§ Task directions: For the records below, print the lines from the line with "(* jumps lam" through the line with "(\<lambda>k. c *" exactly as written; include both end lines and exclude the rest.

──────── Excerpted records ────────

definition Pi_star :: "real \<Rightarrow> real \<Rightarrow> real" where
  "Pi_star \<theta> x = (\<Sum>n\<in>{n::nat. real n \<le> x}. pi_star \<theta> n)"

end

theory Submission
  imports Defs
begin

(* Write Q r = (sum n<r. pi*(n)) = 1 - theta^r / (theta+1)_r and V_m(t,i) = P_i(X(t) <= m).
   The candidate
     V_m(t,i) = Q(m+1) + (sum k<=m. K_(m,k)(t) * ([i <= k] - Q(k+1))),
     K_(m,k)(t) = exp(-(lam + mu(k+1)) t) * (theta (1 - exp(-mu t)))^(m-k) / (m-k)!,
   solves the backward equation with V_m(0,i) = [i <= m]: the coefficients satisfy
   K_k' = -(lam + mu(k+1)) K_k + lam K_(k+1), while the balance of pi* across the cut between
   {..k} and {k<..} makes the generator send c_k = [i <= k] - Q(k+1) to
   -(lam + mu(k+1)) c_k + lam c_(k-1).  The expansion of the minimal chain by number of jumps
   converges to V_m, since its remainder obeys a homogeneous Volterra recursion whose iterates
   shrink by a factor 2.  Averaging over tau yields
     Pi*(m) - F(m) = (sum k<=m. K_(m,k)(t) * (Pi*(k) - T(k))),
   and sum_k K_(m,k)(t) <= exp(-(lam + mu) t) * exp(theta (1 - exp(-mu t))), which is the
   stated factor. *)

section \<open>Integrals against exponential weights\<close>

lemma has_integral_reflect_Icc:
  fixes f :: "real \<Rightarrow> 'a::real_normed_vector"
  assumes "(f has_integral I) {a..b}"
  shows "((\<lambda>s. f (a + b - s)) has_integral I) {a..b}"
proof -
  have "((\<lambda>x. f (-x)) has_integral I) {-b..-a}"
    using assms by simp
  from has_integral_shift_real_ivl[OF this, of "- (a + b)"]
  show ?thesis by (simp add: minus_diff_eq add.commute)
qed

lemma exp_convolution_eq:
  fixes h :: "real \<Rightarrow> real"
  assumes "continuous_on {0..t} h"
  shows "integral {0..t} (\<lambda>s. exp (- q * s) * h (t - s))
       = exp (- q * t) * integral {0..t} (\<lambda>u. exp (q * u) * h u)"
proof -
  have "((\<lambda>u. exp (- q * t) * (exp (q * u) * h u))
          has_integral exp (- q * t) * integral {0..t} (\<lambda>u. exp (q * u) * h u)) {0..t}"
    using assms
    by (intro has_integral_mult_right integrable_integral integrable_continuous_interval
        continuous_intros)
  from has_integral_reflect_Icc[OF this]
  have "((\<lambda>s. exp (- q * t) * (exp (q * (t - s)) * h (t - s)))
          has_integral exp (- q * t) * integral {0..t} (\<lambda>u. exp (q * u) * h u)) {0..t}"
    by simp
  moreover have "exp (- q * t) * exp (q * (t - s)) = exp (- q * s)" for s
    by (simp add: exp_add[symmetric] algebra_simps)
  ultimately show ?thesis
    by (simp add: integral_unique mult.assoc[symmetric])
qed

lemma continuous_on_exp_convolution:
  fixes h :: "real \<Rightarrow> real"
  assumes "continuous_on {0..T} h"
  shows "continuous_on {0..T} (\<lambda>t. integral {0..t} (\<lambda>s. exp (- q * s) * h (t - s)))"
proof -
  have "continuous_on {0..T} (\<lambda>t. exp (- q * t) * integral {0..t} (\<lambda>u. exp (q * u) * h u))"
    using assms
    by (intro continuous_intros indefinite_integral_continuous_1 integrable_continuous_interval)
  moreover have "exp (- q * t) * integral {0..t} (\<lambda>u. exp (q * u) * h u)
      = integral {0..t} (\<lambda>s. exp (- q * s) * h (t - s))" if "t \<in> {0..T}" for t
    using that by (intro exp_convolution_eq[symmetric] continuous_on_subset[OF assms]) auto
  ultimately show ?thesis
    by (rule continuous_on_eq)
qed

lemma has_integral_exp_convolution:
  fixes h :: "real \<Rightarrow> real"
  assumes "continuous_on {0..t} h"
  shows "((\<lambda>s. exp (- q * s) * h (t - s))
           has_integral integral {0..t} (\<lambda>s. exp (- q * s) * h (t - s))) {0..t}"
proof -
  have "continuous_on {0..t} (\<lambda>s. h (t - s))"
    by (rule continuous_on_compose2[OF assms]) (auto intro: continuous_on_op_minus)
  then have "continuous_on {0..t} (\<lambda>s. exp (- q * s) * h (t - s))"
    by (rule continuous_on_mult[rotated]) (intro continuous_intros)
  then show ?thesis
    by (intro integrable_integral integrable_continuous_interval)
qed

lemma has_integral_exp_minus:
  fixes c t :: real
  assumes "c \<noteq> 0" "t \<ge> 0"
  shows "((\<lambda>s. exp (- c * s)) has_integral (1 - exp (- c * t)) / c) {0..t}"
proof -
  have "((\<lambda>s. exp (- c * s)) has_integral (- exp (- c * t) / c - (- exp (- c * 0) / c))) {0..t}"
    using assms
    by (intro fundamental_theorem_of_calculus)
       (auto intro!: derivative_eq_intros simp flip: has_real_derivative_iff_has_vector_derivative)
  then show ?thesis
    by (simp add: diff_divide_distrib)
qed

section \<open>The jump expansion\<close>

(* jumps lam mu f i = sum over j ~= i of q(i,j) * f j, the off-diagonal part of the generator. *)
definition jumps :: "real \<Rightarrow> real \<Rightarrow> (nat \<Rightarrow> real) \<Rightarrow> nat \<Rightarrow> real" where
  "jumps lam mu f i = lam * f (Suc i) + mu * (\<Sum>k<i. f k)"

lemma jumps_add: "jumps lam mu (\<lambda>k. f k + g k) i = jumps lam mu f i + jumps lam mu g i"
  by (simp add: jumps_def sum.distrib algebra_simps)

lemma jumps_diff: "jumps lam mu (\<lambda>k. f k - g k) i = jumps lam mu f i - jumps lam mu g i"
  by (simp add: jumps_def sum_subtractf algebra_simps)

lemma jumps_sum: "jumps lam mu (\<lambda>k. \<Sum>x\<in>A. f x k) i = (\<Sum>x\<in>A. jumps lam mu (f x) i)"
  by (simp add: jumps_def sum.distrib sum_distrib_left sum.swap[of _ A])

lemma jumps_cmult: "jumps lam mu (\<lambda>k. c * f k) i = c * jumps lam mu f i"
  by (simp add: jumps_def sum_distrib_left algebra_simps)

lemma jumps_const: "jumps lam mu (\<lambda>k. c) i = out_rate lam mu i * c"
  by (simp add: jumps_def out_rate_def algebra_simps)

lemma jump_trans_Suc_jumps:
  "jump_trans lam mu (Suc n) t i j =
     integral {0..t} (\<lambda>s. exp (- out_rate lam mu i * s)
       * jumps lam mu (\<lambda>k. jump_trans lam mu n (t - s) k j) i)"
  by (simp add: jumps_def)
lemma spectral_decomposition_eigenvalue:
  assumes U: "orthonormal_mat n U" and X: "X = U * mat_diag n d * U\<^sup>T" and k: "k < n"
  shows "d k = col U k \<bullet> (X *\<^sub>v col U k)"
proof -
  note Uc = orthonormal_matD(1)[OF U]
  have Xc: "X \<in> carrier_mat n n" unfolding X using Uc by auto
  have "d k = (U\<^sup>T * (X * U)) $$ (k,k)"
    using spectral_decomposition_diag[OF U X] Uc Xc k
    by (simp add: assoc_mult_mat[of _ n n _ n _ n] mat_diag_def)
  also have "\<dots> = row U\<^sup>T k \<bullet> col (X * U) k" using Uc Xc k by (intro index_mult_mat) auto
  also have "row U\<^sup>T k = col U k" using Uc k by (intro row_transpose) auto
  also have "col (X * U) k = X *\<^sub>v col U k" using Uc Xc k by (intro col_mult2) auto
  finally show ?thesis .
qed

lemma spectral_decomposition_eigenvalue_sum:
  assumes U: "orthonormal_mat n U" and X: "X = U * mat_diag n d * U\<^sup>T" and k: "k < n"
  shows "d k = (\<Sum>a<n. \<Sum>b<n. U$$(a,k) * X$$(a,b) * U$$(b,k))"
proof -
  note Uc = orthonormal_matD(1)[OF U]
  have "col U k \<in> carrier_vec n" and "X \<in> carrier_mat n n" unfolding X using Uc by auto
  hence "d k = (\<Sum>a<n. \<Sum>b<n. col U k $ a * X$$(a,b) * col U k $ b)"
    using spectral_decomposition_eigenvalue[OF U X k] quadratic_form_sum by simp
  also have "\<dots> = (\<Sum>a<n. \<Sum>b<n. U$$(a,k) * X$$(a,b) * U$$(b,k))" using Uc k by (intro sum.cong refl) auto
  finally show ?thesis .
qed
(* Write x = cd' nu + t^2 with t > 0, L = 1 - gamma - cd' nu and b = cd nu / c. Then
   F x - x = -(t^3 - L t + b) / t, and the smallness condition on nu says b < 2 (L/3)^(3/2),
   so the depressed cubic t^3 - L t + b has two positive roots s1 < s2 (the third one is
   -(s1 + s2)). Hence the fixed points of F are cd' nu + s1^2 < cd' nu + s2^2, and F x > x
   exactly between them. Since F is increasing on its domain and stays above 1 - gamma off it,
   the open interval between the fixed points is invariant and nothing outside it is mapped
   into it. Raising nu lowers F pointwise, which moves both fixed points inwards. The length
   bound is an inequality between L = s1^2 + s1 s2 + s2^2 and b = s1 s2 (s1 + s2). *)

theory Submission
  imports Defs
begin

lemma cdelta_pos:
  assumes "1 \<le> N" "0 < \<delta>" "\<delta> < 1"
  shows "0 < cdelta N \<delta>"
proof -
  have "1 < real N / \<delta>"
    using assms by (simp add: field_simps)
  then show ?thesis
    by (simp add: cdelta_def)
qed

lemma cdelta'_nonneg:
  assumes "0 < \<delta>'" "\<delta>' \<le> 1"
  shows "0 \<le> cdelta' \<delta>'"
  using assms by (simp add: cdelta'_def)

lemma depressed_cubic_two_positive_roots:
  fixes m b :: real
  assumes m: "0 < m" and b: "0 < b" "b < 2 * m^3"
  obtains s1 s2 where "0 < s1" "s1 < s2" "s1^2 + s1*s2 + s2^2 = 3 * m^2" "b = s1 * s2 * (s1 + s2)"
proof -
  define G where "G s = s^3 - 3 * m^2 * s + b" for s :: real
  have cont: "\<forall>s. isCont G s"
    unfolding G_def by (auto intro!: continuous_intros)
  have G0: "G 0 > 0" and Gm: "G m < 0" and G2m: "G (2 * m) > 0"
    using b by (simp_all add: G_def power3_eq_cube power2_eq_square algebra_simps)
  obtain s1 where "0 \<le> s1" "s1 \<le> m" "G s1 = 0"
    using IVT2[of G m 0 0] G0 Gm m cont by force
  then have s1: "0 < s1" "s1 < m" "G s1 = 0"
    using G0 Gm by (auto simp: order.order_iff_strict)
  obtain s2 where "m \<le> s2" "s2 \<le> 2 * m" "G s2 = 0"
    using IVT[of G m 0 "2 * m"] Gm G2m m cont by force
  then have s2: "m < s2" "G s2 = 0"
    using Gm by (auto simp: order.order_iff_strict)
  have "(s1 - s2) * (s1^2 + s1*s2 + s2^2 - 3 * m^2) = G s1 - G s2"
    by (simp add: G_def algebra_simps power2_eq_square power3_eq_cube)
  then have sum: "s1^2 + s1*s2 + s2^2 = 3 * m^2"
    using s1 s2 by simp
  have "b = 3 * m^2 * s1 - s1^3"
    using s1(3) by (simp add: G_def)
  also have "\<dots> = s1 * s2 * (s1 + s2)"
    unfolding sum[symmetric] by (simp add: algebra_simps power2_eq_square power3_eq_cube)
  finally show thesis
    using that[of s1 s2] s1 s2 sum by force
qed

lemma Fmap_eq_divide:
  "Fmap \<gamma> c cd cd' \<nu> x = 1 - \<gamma> - (cd * \<nu> / c) / sqrt (x - cd' * \<nu>)"
  by (simp add: Fmap_def)

lemma funpow_mem_iff:
  assumes "\<And>x. f x \<in> S \<longleftrightarrow> x \<in> S"
  shows "(f ^^ n) x \<in> S \<longleftrightarrow> x \<in> S"
  using assms by (induction n) auto

lemma obtain_shift_sq:
  fixes a x :: real
  assumes "a < x"
  obtains t where "0 < t" "x = a + t^2"
  using assms by (intro that[of "sqrt (x - a)"]) auto

lemma cubic_roots_gap_bound:
  fixes s1 s2 :: real
  assumes s1: "0 < s1" and s12: "s1 < s2"
  defines "L \<equiv> s1^2 + s1 * s2 + s2^2"
  shows "L - 3 * sqrt 3 / 2 * (s1 * s2 * (s1 + s2) / sqrt L) \<le> s2^2 - s1^2"
proof -
  have L: "0 < L"
    using s1 s12 by (simp add: L_def add_pos_pos)
  have "((2 * s1 + s2) * sqrt L)^2 = (2 * s1 + s2)^2 * L"
    using L by (simp add: power_mult_distrib)
  also have "\<dots> \<le> 27 / 4 * (s2 * (s1 + s2))^2"
  proof -
    have "27 / 4 * (s2 * (s1 + s2))^2 - (2 * s1 + s2)^2 * L
        = (s2 - s1) * (16 * s1^3 + 48 * s1^2 * s2 + 57 * s1 * s2^2 + 23 * s2^3) / 4"
      by (simp add: L_def algebra_simps power2_eq_square power3_eq_cube)
    moreover have "0 \<le> (s2 - s1) * (16 * s1^3 + 48 * s1^2 * s2 + 57 * s1 * s2^2 + 23 * s2^3)"
      using s1 s12 by (intro mult_nonneg_nonneg) auto
    ultimately show ?thesis
      by linarith
  qed
  also have "\<dots> = (3 * sqrt 3 / 2 * (s2 * (s1 + s2)))^2"
    by (simp add: power_mult_distrib power_divide)
  finally have "((2 * s1 + s2) * sqrt L)^2 \<le> (3 * sqrt 3 / 2 * (s2 * (s1 + s2)))^2" .
  moreover have "0 \<le> 3 * sqrt 3 / 2 * (s2 * (s1 + s2))"
    using s1 s12 by simp
  ultimately have "(2 * s1 + s2) * sqrt L \<le> 3 * sqrt 3 / 2 * (s2 * (s1 + s2))"
    by (rule power2_le_imp_le)
  then have "2 * s1 + s2 \<le> 3 * sqrt 3 / 2 * (s2 * (s1 + s2)) / sqrt L"
    using L by (simp add: pos_le_divide_eq)
  then have "s1 * (2 * s1 + s2) \<le> s1 * (3 * sqrt 3 / 2 * (s2 * (s1 + s2)) / sqrt L)"
    by (rule mult_left_mono) (use s1 in simp)
  also have "\<dots> = 3 * sqrt 3 / 2 * (s1 * s2 * (s1 + s2) / sqrt L)"
    by (simp add: mult_ac)
  finally have "s1 * (2 * s1 + s2) \<le> 3 * sqrt 3 / 2 * (s1 * s2 * (s1 + s2) / sqrt L)" .
  then show ?thesis
    by (simp add: L_def algebra_simps power2_eq_square)
qed

(* Vieta: s1, s2 and -(s1 + s2) are the roots of t^3 - (1 - gamma - cd' nu) t + cd nu / c. *)
locale Fmap_roots =
  fixes \<gamma> c cd cd' \<nu> s1 s2 :: real
  assumes s1_pos: "0 < s1" and s1_less_s2: "s1 < s2"
    and level_eq: "1 - \<gamma> - cd' * \<nu> = s1^2 + s1*s2 + s2^2"
    and gain_eq: "cd * \<nu> / c = s1 * s2 * (s1 + s2)"
begin

lemma gain_pos: "0 < cd * \<nu> / c"
  using s1_pos s1_less_s2 by (simp add: gain_eq)

lemma Fmap_shift_sq_minus_self:
  assumes "0 < t"
  shows "Fmap \<gamma> c cd cd' \<nu> (cd' * \<nu> + t^2) - (cd' * \<nu> + t^2)
    = - ((t - s1) * (t - s2) * (t + s1 + s2)) / t"
proof -
  have "Fmap \<gamma> c cd cd' \<nu> (cd' * \<nu> + t^2) - (cd' * \<nu> + t^2)
      = (s1^2 + s1*s2 + s2^2) - t^2 - s1 * s2 * (s1 + s2) / t"
    using assms level_eq by (simp add: Fmap_eq_divide gain_eq)
  also have "\<dots> = - ((t - s1) * (t - s2) * (t + s1 + s2)) / t"
    using assms by (simp add: field_simps power2_eq_square)
  finally show ?thesis .
qed

lemma less_Fmap_shift_sq_iff:
  assumes "0 < t"
  shows "cd' * \<nu> + t^2 < Fmap \<gamma> c cd cd' \<nu> (cd' * \<nu> + t^2) \<longleftrightarrow> s1 < t \<and> t < s2"
proof -
  have "cd' * \<nu> + t^2 < Fmap \<gamma> c cd cd' \<nu> (cd' * \<nu> + t^2)
      \<longleftrightarrow> 0 < - ((t - s1) * (t - s2) * (t + s1 + s2)) / t"
    using Fmap_shift_sq_minus_self[OF assms] by linarith
  also have "\<dots> \<longleftrightarrow> (t - s1) * (t - s2) * (t + s1 + s2) < 0"
    using assms by (simp add: divide_less_0_iff)
  also have "\<dots> \<longleftrightarrow> (t - s1) * (t - s2) < 0"
    using assms s1_pos s1_less_s2 by (simp add: mult_less_0_iff)
  also have "\<dots> \<longleftrightarrow> s1 < t \<and> t < s2"
    using s1_less_s2 by (auto simp: mult_less_0_iff)
  finally show ?thesis .
qed

lemma Fmap_shift_sq_fixed_iff:
  assumes "0 < t"
  shows "Fmap \<gamma> c cd cd' \<nu> (cd' * \<nu> + t^2) = cd' * \<nu> + t^2 \<longleftrightarrow> t = s1 \<or> t = s2"
  using Fmap_shift_sq_minus_self[OF assms] assms s1_pos s1_less_s2 by auto

lemma less_Fmap_iff:
  assumes "cd' * \<nu> < x"
  shows "x < Fmap \<gamma> c cd cd' \<nu> x \<longleftrightarrow> cd' * \<nu> + s1^2 < x \<and> x < cd' * \<nu> + s2^2"
proof -
  obtain t where t: "0 < t" "x = cd' * \<nu> + t^2"
    using obtain_shift_sq[OF assms] .
  show ?thesis
    using less_Fmap_shift_sq_iff[OF t(1)] t s1_pos s1_less_s2
    by (simp add: power_mono_iff flip: not_le)
qed

lemma Fmap_fixed_iff:
  assumes "cd' * \<nu> < x"
  shows "Fmap \<gamma> c cd cd' \<nu> x = x \<longleftrightarrow> x = cd' * \<nu> + s1^2 \<or> x = cd' * \<nu> + s2^2"
proof -
  obtain t where t: "0 < t" "x = cd' * \<nu> + t^2"
    using obtain_shift_sq[OF assms] .
  show ?thesis
    using Fmap_shift_sq_fixed_iff[OF t(1)] t s1_pos s1_less_s2 by auto
qed

lemma fixpts_eq: "fixpts \<gamma> c cd cd' \<nu> = {cd' * \<nu> + s1^2, cd' * \<nu> + s2^2}"
  using Fmap_fixed_iff s1_pos s1_less_s2 by (auto simp: fixpts_def)

lemma xminus_eq: "xminus \<gamma> c cd cd' \<nu> = cd' * \<nu> + s1^2"
  and xplus_eq: "xplus \<gamma> c cd cd' \<nu> = cd' * \<nu> + s2^2"
  using s1_pos s1_less_s2 by (simp_all add: xminus_def xplus_def fixpts_eq power_strict_mono)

────────

§ Answer box:
(* jumps lam mu f i = sum over j ~= i of q(i,j) * f j, the off-diagonal part of the generator. *)
definition jumps :: "real \<Rightarrow> real \<Rightarrow> (nat \<Rightarrow> real) \<Rightarrow> nat \<Rightarrow> real" where
  "jumps lam mu f i = lam * f (Suc i) + mu * (\<Sum>k<i. f k)"

lemma jumps_add: "jumps lam mu (\<lambda>k. f k + g k) i = jumps lam mu f i + jumps lam mu g i"
  by (simp add: jumps_def sum.distrib algebra_simps)

lemma jumps_diff: "jumps lam mu (\<lambda>k. f k - g k) i = jumps lam mu f i - jumps lam mu g i"
  by (simp add: jumps_def sum_subtractf algebra_simps)

lemma jumps_sum: "jumps lam mu (\<lambda>k. \<Sum>x\<in>A. f x k) i = (\<Sum>x\<in>A. jumps lam mu (f x) i)"
  by (simp add: jumps_def sum.distrib sum_distrib_left sum.swap[of _ A])

lemma jumps_cmult: "jumps lam mu (\<lambda>k. c * f k) i = c * jumps lam mu f i"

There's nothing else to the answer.